Il ministro dell' Ambiente Alfonso Pecoraro Scanio ha incontrato una delegazione di assessori regionali ed ha assicurato la predisposizione di un provvedimento atto a "sospendere le ricadute immediate".

Inizialmente Alfonso Pecoraro Scanio aveva manifestato la decisa volontà di cancellare il provvedimento, ma dopo la netta opposizione di Confindustria, ora l’obiettivo di è spostato sull’ipotesi di specifici provvedimenti di sospensione in attesa di ulteriori revisioni.

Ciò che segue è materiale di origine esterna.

lemma maximiser_ge_half:
  assumes "0 \<le> \<theta>" "1 \<le> k" "u \<in> maximisers \<theta> k"
  shows "1/2 \<le> u"
proof -
  have u: "0 < u" "u < 1"
    using maximiser_pos maximiser_less_one assms by blast+
  have "0 \<le> theta_crit k u"
    using maximiser_theta_crit[OF assms] assms(1) by simp
  then have "0 \<le> logit u"
    using u assms(2) by (simp add: theta_crit_def zero_le_divide_iff zero_le_mult_iff)
  then show ?thesis
    using logit_nonneg_iff u by simp
qed

lemma maximisers_strict_mono:
  assumes "0 \<le> \<theta>" "\<theta> < \<theta>'" "1 \<le> k" "u \<in> maximisers \<theta> k" "v \<in> maximisers \<theta>' k"
  shows "u < v"
proof -
  have u: "0 < u" "u < 1" and v: "0 < v" "v < 1"
    using maximiser_pos maximiser_less_one assms by (meson order.trans less_imp_le)+
  have "obj \<theta> k v \<le> obj \<theta> k u" "obj \<theta>' k u \<le> obj \<theta>' k v"
    using maximisers_le[OF assms(4)] maximisers_le[OF assms(5)] u v by auto
  then have "0 \<le> (\<theta>' - \<theta>) * (v powr k - u powr k)"
    by (simp add: obj_def algebra_simps)
  then have "u powr k \<le> v powr k"
    using assms(2) by (simp add: zero_le_mult_iff)
  then have "u \<le> v"
  proof (rule contrapos_pp)
    assume "\<not> u \<le> v"
    then have "v powr k < u powr k"
      using v assms(3) by (intro powr_less_mono2) auto
    then show "\<not> u powr k \<le> v powr k"
      by simp
  qed
  moreover have "u \<noteq> v"
    using maximiser_theta_crit[of \<theta> k u] maximiser_theta_crit[of \<theta>' k v] assms by auto
  ultimately show ?thesis
    by simp
qed

definition max_obj :: "real \<Rightarrow> real set \<Rightarrow> real \<Rightarrow> real" where
  "max_obj k S \<theta> = Sup (obj \<theta> k ` S)"

lemma max_obj_attained:
  assumes "0 < k" "compact S" "S \<noteq> {}" "S \<subseteq> {0..1}"
  obtains u where "u \<in> S" "\<And>v. v \<in> S \<Longrightarrow> obj \<theta> k v \<le> obj \<theta> k u" "max_obj k S \<theta> = obj \<theta> k u"
proof -
  obtain u where u: "u \<in> S" "\<forall>v\<in>S. obj \<theta> k v \<le> obj \<theta> k u"
    using continuous_attains_sup[OF assms(2,3) continuous_on_subset[OF continuous_on_obj assms(4)]]
      assms(1) by blast
  moreover have "max_obj k S \<theta> = obj \<theta> k u"
    unfolding max_obj_def by (rule cSup_eq_maximum) (use u in auto)
  ultimately show ?thesis
    using that by blast
qed

lemma max_obj_lipschitz:
  assumes "0 < k" "compact S" "S \<noteq> {}" "S \<subseteq> {0..1}"
  shows "\<bar>max_obj k S \<theta> - max_obj k S \<theta>'\<bar> \<le> \<bar>\<theta> - \<theta>'\<bar>"
proof -
  have "max_obj k S t - max_obj k S t' \<le> \<bar>t - t'\<bar>" for t t'
  proof -
    obtain u where u: "u \<in> S" "max_obj k S t = obj t k u"
      using max_obj_attained[OF assms] by metis
    obtain u' where u': "\<And>v. v \<in> S \<Longrightarrow> obj t' k v \<le> obj t' k u'" "max_obj k S t' = obj t' k u'"
      using max_obj_attained[OF assms] by metis
    have "u \<in> {0..1}"
      using u(1) assms(4) by blast
    then have "0 \<le> u powr k" "u powr k \<le> 1"
      using assms(1) by (auto intro!: powr_le1)
    then have "(t - t') * u powr k \<le> \<bar>t - t'\<bar>"
      by (metis abs_ge_self abs_mult_pos mult.commute mult_left_le order_trans abs_ge_zero)
    moreover have "obj t k u = obj t' k u + (t - t') * u powr k"
      by (simp add: obj_def algebra_simps)
    ultimately show ?thesis
      using u u'(1)[OF u(1)] u'(2) by linarith
  qed
  from this[of \<theta> \<theta>'] this[of \<theta>' \<theta>] show ?thesis
    by (simp add: abs_minus_commute)
qed

lemma continuous_on_max_obj:
  assumes "0 < k" "compact S" "S \<noteq> {}" "S \<subseteq> {0..1}"
  shows "continuous_on A (max_obj k S)"
  by (intro lipschitz_on_continuous_on[where L = 1] lipschitz_onI)
     (use max_obj_lipschitz[OF assms] in \<open>auto simp: dist_real_def\<close>)

section \<open>Exactly two maximisers above k0\<close>

locale supercritical =
  fixes k a b :: real
  assumes k0_less: "k0 < k"
    and half_less_a: "1/2 < a" and a_less_argmin: "a < (k - 1) / k"
    and argmin_less_b: "(k - 1) / k < b" and b_less_1: "b < 1"
    and phi_a: "phi k a = 0"
    and phi_pos_below_a: "\<And>x. 0 < x \<Longrightarrow> x < a \<Longrightarrow> 0 < phi k x"
    and phi_neg_between: "\<And>x. a < x \<Longrightarrow> x < b \<Longrightarrow> phi k x < 0"
    and phi_pos_above_b: "\<And>x. b < x \<Longrightarrow> x < 1 \<Longrightarrow> 0 < phi k x"
begin

abbreviation argmin :: real where
  "argmin \<equiv> (k - 1) / k"

lemma two_less_k: "2 < k"
  using k0_root(1) k0_less by simp

lemma k_pos: "0 < k"
  using two_less_k by simp

lemma argmin_bounds: "0 < argmin" "argmin < 1"
  using two_less_k by simp_all

lemma a_less_of_phi_neg: "0 < x \<Longrightarrow> phi k x < 0 \<Longrightarrow> a < x"
  using phi_pos_below_a[of x] phi_a by (cases x a rule: linorder_cases) auto

lemma theta_crit_strict_mono_below_a:
  "0 < x \<Longrightarrow> x < y \<Longrightarrow> y \<le> a \<Longrightarrow> theta_crit k x < theta_crit k y"
  using two_less_k a_less_argmin argmin_less_b b_less_1 phi_pos_below_a
  by (intro theta_crit_strict_mono) auto

lemma theta_crit_strict_antimono_between:
  "a \<le> x \<Longrightarrow> x < y \<Longrightarrow> y \<le> b \<Longrightarrow> theta_crit k y < theta_crit k x"
  using two_less_k half_less_a b_less_1 phi_neg_between
  by (intro theta_crit_strict_antimono) auto

lemma theta_crit_strict_mono_above_b:
  "b \<le> x \<Longrightarrow> x < y \<Longrightarrow> y < 1 \<Longrightarrow> theta_crit k x < theta_crit k y"
  using two_less_k half_less_a a_less_argmin argmin_less_b phi_pos_above_b
  by (intro theta_crit_strict_mono) auto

Molte Regioni e Province hanno deciso di impugnare il Decreto Legislativo di fronte alla Corte Costituzionale e la Consulta esaminerà, il 21 giugno prossimo, la richiesta di sospensione presentata dalla Regione Emilia Romagna.
Il Presidente della Regione Emilia Romagna Vasco Errani ha dichiarato: " Siamo costretti ad accedere ancora una volta alla Corte Costituzionale perché di fatto non è stato possibile avviare un confronto effettivo su temi così delicati per l’assetto del territorio".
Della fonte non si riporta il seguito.